Павел догадался - эти слова относятся к нему. Он, покосился в угол. Там стоял большой, железный бачок - литров на десять, закрытый крышкой. Клюфт сообразил – вынести парашу, дело ответственное и отказаться от этой участи не может, а вернее - не имеет право никто! Сокамерники сочувственно покосились на Павла и вытянулись в одну шеренгу возле нар. Клюфт вздохнул и взял бачок. Тонкая ручка впилась в ладонь. Параша оказалась почти до краев наполненной мочой. От запаха, кружилась голова и тошнило. Павел сглотнул слюну. Рвотный рефлекс пытался вывернуть наружу его внутренности. Но Клюфт сдержался. Идти по коридору с переполненной мочой бачком - не просто. Надзиратель, то и дело, подгонял. Тюремщик - орал и пугал, весь путь до туалета:
- Если сука прольешь - будешь языком вылизывать! Языком мразь! Только каплю увижу на полу – знай, вместо тряпки половой у меня работать целый день будешь!

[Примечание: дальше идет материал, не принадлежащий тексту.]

(* Pushouts along monomorphisms in an adhesive category are pullbacks and are stable under
   pullback. Pulling the pushout (3) back along an arrow s into Y therefore covers the domain of s
   by two jointly epimorphic arrows along which s factors through w and through y, so statements
   about s can be checked separately on a "w-piece" and a "y-piece".
   Square (4) is a pullback: a cone over (v, x) is lifted on the w-piece through the pullback
   underlying the composite FPC, on the y-piece because x is mono, and the two lifts are glued
   along the pushout. Monicity of v is checked the same way: on the w-piece because v \<circ> w is
   mono, on the y-piece because (4) is a pullback and v' is mono. Finally, as x is mono, the FPC
   property of (4) only asks that the bottom arrow z0 of a test pullback over x0 = y \<circ> w0
   factor through x; pulling the test cone back along w and factoring through (3), now known to
   be a pullback, yields a test cone for the composite FPC, which supplies the factorisation. *)

locale cat =
  fixes C :: "('o, 'a) cat"
  assumes category: "category C"
begin

abbreviation comp (infixr "\<cdot>" 55) where "g \<cdot> f \<equiv> Comp C g f"
(* Let $C$ be a finite set. Let $\mathbb P$ be a probability measure on $\{0,1\}^C$ of the form $\bigotimes_{i\in C}\mathrm{Bernoulli}(p_i)$. Let $\mathcal E_1$ and $\mathcal E_2$ be two increasing subsets of $\{0,1\}^C$. Let $\mathbf P$ be a probability measure on $\{0,1\}^{C\times\{1,2\}}$ of the form $\bigotimes_{i\in C}\rho_i$, where each $\rho_i$ is a probability measure on $\{0,1\}^{\{i\}\times\{1,2\}}\cong\{0,1\}^2$ both of whose marginals are Bernoulli distributions of parameter at least $p_i$. Then $\mathbb P(\mathcal E_1\circ\mathcal E_2)\le \mathbf P(\mathcal E_1\times\mathcal E_2)$, where $\mathcal E_1\times\mathcal E_2$ denotes the set of $\omega\in\{0,1\}^{C\times\{1,2\}}$ with $(\omega_{(i,1)})_{i\in C}\in\mathcal E_1$ and $(\omega_{(i,2)})_{i\in C}\in\mathcal E_2$.
   Context: A subset $\mathcal E\subset\{0,1\}^C$ is increasing if $\omega\in\mathcal E$ and $\omega\le\omega'$ coordinatewise imply $\omega'\in\mathcal E$. The disjoint occurrence $\mathcal E_1\circ\mathcal E_2$ is the set of $\omega\in\{0,1\}^C$ for which there exist disjoint subsets $P_1,P_2\subset C$ such that, for $j\in\{1,2\}$, every $\omega'\in\{0,1\}^C$ agreeing with $\omega$ on $P_j$ belongs to $\mathcal E_j$. *)

theory Defs
  imports "HOL-Probability.Probability"
begin

text \<open>Configurations in {0,1}^C are encoded as functions 'c => bool which are
  False outside C (the default value used by Pi_pmf).\<close>

definition config :: "'c set \<Rightarrow> ('c \<Rightarrow> bool) set" where
  "config C = {\<omega>. \<forall>i. i \<notin> C \<longrightarrow> \<omega> i = False}"

definition increasing :: "'c set \<Rightarrow> ('c \<Rightarrow> bool) set \<Rightarrow> bool" where
  "increasing C E \<longleftrightarrow> E \<subseteq> config C \<and>
     (\<forall>\<omega> \<in> E. \<forall>\<omega>' \<in> config C. (\<forall>i \<in> C. \<omega> i \<longrightarrow> \<omega>' i) \<longrightarrow> \<omega>' \<in> E)"

definition disj_occ :: "'c set \<Rightarrow> ('c \<Rightarrow> bool) set \<Rightarrow> ('c \<Rightarrow> bool) set \<Rightarrow> ('c \<Rightarrow> bool) set" where
  "disj_occ C E1 E2 = {\<omega> \<in> config C. \<exists>P1 P2. P1 \<subseteq> C \<and> P2 \<subseteq> C \<and> P1 \<inter> P2 = {} \<and>
     (\<forall>\<omega>' \<in> config C. (\<forall>i \<in> P1. \<omega>' i = \<omega> i) \<longrightarrow> \<omega>' \<in> E1) \<and>
     (\<forall>\<omega>' \<in> config C. (\<forall>i \<in> P2. \<omega>' i = \<omega> i) \<longrightarrow> \<omega>' \<in> E2)}"

text \<open>{0,1}^(C x {1,2}) is encoded as functions 'c => bool x bool, equal to
  (False,False) outside C; omega(i,1) = fst (omega i), omega(i,2) = snd (omega i).\<close>

definition prod_event :: "'c set \<Rightarrow> ('c \<Rightarrow> bool) set \<Rightarrow> ('c \<Rightarrow> bool) set \<Rightarrow> ('c \<Rightarrow> bool \<times> bool) set" where
  "prod_event C E1 E2 = {\<eta>. (\<forall>i. i \<notin> C \<longrightarrow> \<eta> i = (False, False)) \<and>
     (\<lambda>i. fst (\<eta> i)) \<in> E1 \<and> (\<lambda>i. snd (\<eta> i)) \<in> E2}"

end

theory Submission
  imports Defs
begin

text \<open>Interpolate between the two sides. For \<open>D \<subseteq> C\<close> let \<open>G\<^sub>D\<close> be the event that
  \<open>E1\<close> is witnessed on the first layer and \<open>E2\<close> on the second by sets \<open>P1\<close>, \<open>P2\<close> that may
  overlap only inside \<open>D\<close>, and sample the coordinates in \<open>D\<close> from \<open>\<rho>\<close> and the others
  diagonally, i.e. one \<open>Bernoulli(p i)\<close> bit copied to both layers. For \<open>D = {}\<close> this gives
  the probability of \<open>E1 \<circ> E2\<close>, for \<open>D = C\<close> that of \<open>E1 \<times> E2\<close>. Adding a coordinate \<open>j\<close>
  to \<open>D\<close> cannot decrease it: conditionally on the other coordinates the event is increasing
  in \<open>j\<close>, and if \<open>j\<close> is pivotal for the diagonal bit then it lies in at most one witness,
  so it suffices that a single layer is open at \<open>j\<close>, which has \<open>\<rho> j\<close>-probability at
  least \<open>p j\<close>.\<close>

definition witness :: "'c set \<Rightarrow> ('c \<Rightarrow> bool) set \<Rightarrow> 'c set \<Rightarrow> ('c \<Rightarrow> bool) \<Rightarrow> bool" where
  "witness C E P \<omega> \<longleftrightarrow> (\<forall>\<omega>' \<in> config C. (\<forall>i \<in> P. \<omega>' i = \<omega> i) \<longrightarrow> \<omega>' \<in> E)"

lemma witness_imp_mem: "witness C E P \<omega> \<Longrightarrow> \<omega> \<in> config C \<Longrightarrow> \<omega> \<in> E"
  unfolding witness_def by blast

lemma witness_self:
  assumes "\<omega> \<in> E" "\<omega> \<in> config C"
  shows "witness C E C \<omega>"
proof -
  have "\<omega>' = \<omega>" if "\<omega>' \<in> config C" "\<forall>i \<in> C. \<omega>' i = \<omega> i" for \<omega>'
    using that \<open>\<omega> \<in> config C\<close> unfolding config_def by (auto simp: fun_eq_iff)
  then show ?thesis
    using \<open>\<omega> \<in> E\<close> unfolding witness_def by blast
qed

lemma witness_mono:
  assumes "increasing C E" "witness C E P \<omega>" "P \<subseteq> C" "\<forall>i \<in> P. \<omega> i \<longrightarrow> \<omega>' i"
  shows "witness C E P \<omega>'"
  unfolding witness_def
proof (intro ballI impI)
  fix \<xi> assume \<xi>: "\<xi> \<in> config C" and agree: "\<forall>i \<in> P. \<xi> i = \<omega>' i"
  define \<zeta> where "\<zeta> i = (if i \<in> P then \<omega> i else \<xi> i)" for i
  have "\<zeta> \<in> config C"
    using \<xi> \<open>P \<subseteq> C\<close> by (auto simp: config_def \<zeta>_def)
  then have "\<zeta> \<in> E"
    using \<open>witness C E P \<omega>\<close> by (auto simp: witness_def \<zeta>_def)
  moreover have "\<forall>i \<in> C. \<zeta> i \<longrightarrow> \<xi> i"
    using agree assms(4) by (auto simp: \<zeta>_def)
  ultimately show "\<xi> \<in> E"
    using \<xi> \<open>increasing C E\<close> unfolding increasing_def by blast
qed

Поэтому - Павел испытал настоящее облегчение – когда вылил чужую мочу в унитаз.
В камеру Клюфт вернулся немного обрадованный - первое испытание он выдержал. Несплоховал! Хотя, как, он видел - некоторым обитателям тюрьмы, это не удалось. Когда они бежали по коридору, кто-то из арестантов, все-таки уронил бачок с парашей. Два надзирателя, орали, как ненормальные. Слышались отборные маты и удары. Человека били и возили по полу. «Радует, что бьют другого! Радует, что бьют не тебя! И это есть счастье по тюремному? Вот, во что, я превращаюсь? В животное! В забитое животное?» - с грустью подумал Павел.
Через минуту в камере началась проверка. И тут Клюфт испытал настоящий шок. Когда надзиратель выкрикивал фамилии, Павел понял – вот, оно, наказание! За все в этом мире приходится платить! Тюремщик, стоял у двери и всматривался в лица обитателей камеры. Все арестанты, как по команде, опустили глаза в пол. Павел тоже стал рассматривать свои ботинки.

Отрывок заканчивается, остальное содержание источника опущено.